(* Let $f(\cdot;w)$ be a ReLU multilayer perceptron on $\mathbb{R}^{n_0}$ with parameter vector $w\in\mathbb{R}^p$ (fixed architecture $n_0,n_1,\dots,n_{L+1}$, $L\ge 1$). Then there exists a set $B\subset\mathbb{R}^p$ of Lebesgue measure zero such that for every $w_0\in\mathbb{R}^p\setminus B$ there is a set $Z\subset\mathbb{R}^{n_0}$ of Lebesgue measure zero with the following property: for every $x\in\mathbb{R}^{n_0}\setminus Z$ there exists $\varepsilon>0$ such that for all $w\in\mathbb{R}^p$ with $\|w-w_0\|<\varepsilon$ one has $\mathrm{act}(x;w)=\mathrm{act}(x;w_0)$.
   Context: A ReLU multilayer perceptron (MLP) with $L$ hidden layers and widths $n_0,n_1,\dots,n_L,n_{L+1}$ has parameters $w=(W_0,b_0,W_1,b_1,\dots,W_L,b_L)\in\mathbb{R}^p$ with $W_l\in\mathbb{R}^{n_{l+1}\times n_l}$, $b_l\in\mathbb{R}^{n_{l+1}}$ (all entries concatenated into one vector of length $p$). For $x\in\mathbb{R}^{n_0}$ set $h_0(x;w)=x$ and for $l=1,\dots,L$ define the pre-activations $z_l(x;w)=W_{l-1}h_{l-1}(x;w)+b_{l-1}\in\mathbb{R}^{n_l}$ and activations $h_l(x;w)=\sigma(z_l(x;w))$, where $\sigma(t)=\max(t,0)$ is applied elementwise; the output is $f(x;w)=W_Lh_L(x;w)+b_L\in\mathbb{R}^{n_{L+1}}$. The activation pattern of $x$ under $w$ is $\mathrm{act}(x;w)=(\mathrm{act}_1(x;w),\dots,\mathrm{act}_L(x;w))$ where $\mathrm{act}_l(x;w)=\mathbf{1}\{z_l(x;w)>0\}\in\{0,1\}^{n_l}$ (componentwise indicator). Measure means Lebesgue measure; $\|\cdot\|$ is any norm on $\mathbb{R}^p$. *)

theory Defs
  imports "HOL-Probability.Probability"
begin

text \<open>Architecture: a list ns = [n_0, n_1, ..., n_L, n_(L+1)] of widths, L = length ns - 2.
  Parameters are a flat vector w in R^p, represented as a function nat => real whose
  coordinates 0..p-1 are used. The concatenation order is W_0, b_0, W_1, b_1, ..., W_L, b_L,
  each matrix W_l (n_(l+1) x n_l) stored row-major.\<close>

definition mlp_depth :: "nat list \<Rightarrow> nat" where
  "mlp_depth ns = length ns - 2"

definition layer_size :: "nat list \<Rightarrow> nat \<Rightarrow> nat" where
  "layer_size ns l = ns ! (Suc l) * ns ! l + ns ! (Suc l)"

definition layer_offset :: "nat list \<Rightarrow> nat \<Rightarrow> nat" where
  "layer_offset ns l = (\<Sum>k<l. layer_size ns k)"

definition num_params :: "nat list \<Rightarrow> nat" where
  "num_params ns = layer_offset ns (Suc (mlp_depth ns))"

definition weight :: "nat list \<Rightarrow> (nat \<Rightarrow> real) \<Rightarrow> nat \<Rightarrow> nat \<Rightarrow> nat \<Rightarrow> real" where
  "weight ns w l i j = w (layer_offset ns l + i * ns ! l + j)"

definition bias :: "nat list \<Rightarrow> (nat \<Rightarrow> real) \<Rightarrow> nat \<Rightarrow> nat \<Rightarrow> real" where
  "bias ns w l i = w (layer_offset ns l + ns ! (Suc l) * ns ! l + i)"

fun hidden :: "nat list \<Rightarrow> (nat \<Rightarrow> real) \<Rightarrow> (nat \<Rightarrow> real) \<Rightarrow> nat \<Rightarrow> nat \<Rightarrow> real"
and preact :: "nat list \<Rightarrow> (nat \<Rightarrow> real) \<Rightarrow> (nat \<Rightarrow> real) \<Rightarrow> nat \<Rightarrow> nat \<Rightarrow> real" where
  "hidden ns x w 0 = x"
| "hidden ns x w (Suc l) = (\<lambda>i. max (preact ns x w l i) 0)"
| "preact ns x w l = (\<lambda>i. (\<Sum>j<ns ! l. weight ns w l i j * hidden ns x w l j) + bias ns w l i)"

text \<open>Note: preact ns x w l is z_(l+1). The network output f(x;w) = W_L h_L + b_L.\<close>
definition mlp_output :: "nat list \<Rightarrow> (nat \<Rightarrow> real) \<Rightarrow> (nat \<Rightarrow> real) \<Rightarrow> nat \<Rightarrow> real" where
  "mlp_output ns x w = preact ns x w (mlp_depth ns)"

text \<open>Activation pattern: act l i = [z_l(x;w)_i > 0] for 1 <= l <= L, i < n_l;
  out-of-range indices are set to False, so equality of these functions is equality
  of the tuples (act_1, ..., act_L).\<close>
definition act :: "nat list \<Rightarrow> (nat \<Rightarrow> real) \<Rightarrow> (nat \<Rightarrow> real) \<Rightarrow> nat \<Rightarrow> nat \<Rightarrow> bool" where
  "act ns x w = (\<lambda>l i. 1 \<le> l \<and> l \<le> mlp_depth ns \<and> i < ns ! l \<and> preact ns x w (l - 1) i > 0)"

text \<open>Lebesgue measure on R^n, with R^n represented as extensional functions on {..<n}.\<close>
definition lebesgue_n :: "nat \<Rightarrow> (nat \<Rightarrow> real) measure" where
  "lebesgue_n n = completion (Pi\<^sub>M {..<n} (\<lambda>_. lborel))"

definition norm_n :: "nat \<Rightarrow> (nat \<Rightarrow> real) \<Rightarrow> real" where
  "norm_n n v = sqrt (\<Sum>i<n. (v i)\<^sup>2)"

end

theory Submission
  imports Defs
begin

text \<open>For a fixed input x, the pre-activation of a hidden unit is, as a function of the parameters,
  its own bias plus a term not depending on that bias, so it vanishes only on a null set of
  parameters. By Fubini, for almost every w0 it is then non-zero for almost every x, for all
  (finitely many) hidden units at once. Pre-activations are continuous in w, so at such (w0, x)
  their signs, i.e. the activation pattern, are constant near w0.\<close>

lemma layer_offset_Suc: "layer_offset ns (Suc l) = layer_offset ns l + layer_size ns l"
  by (simp add: layer_offset_def)

lemma layer_offset_mono: "l \<le> l' \<Longrightarrow> layer_offset ns l \<le> layer_offset ns l'"
  unfolding layer_offset_def by (intro sum_mono2) auto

········

Work instructions: Please go through the entries and show every line with the word "represented".

Your solution:
  Parameters are a flat vector w in R^p, represented as a function nat => real whose
text \<open>Lebesgue measure on R^n, with R^n represented as extensional functions on {..<n}.\<close>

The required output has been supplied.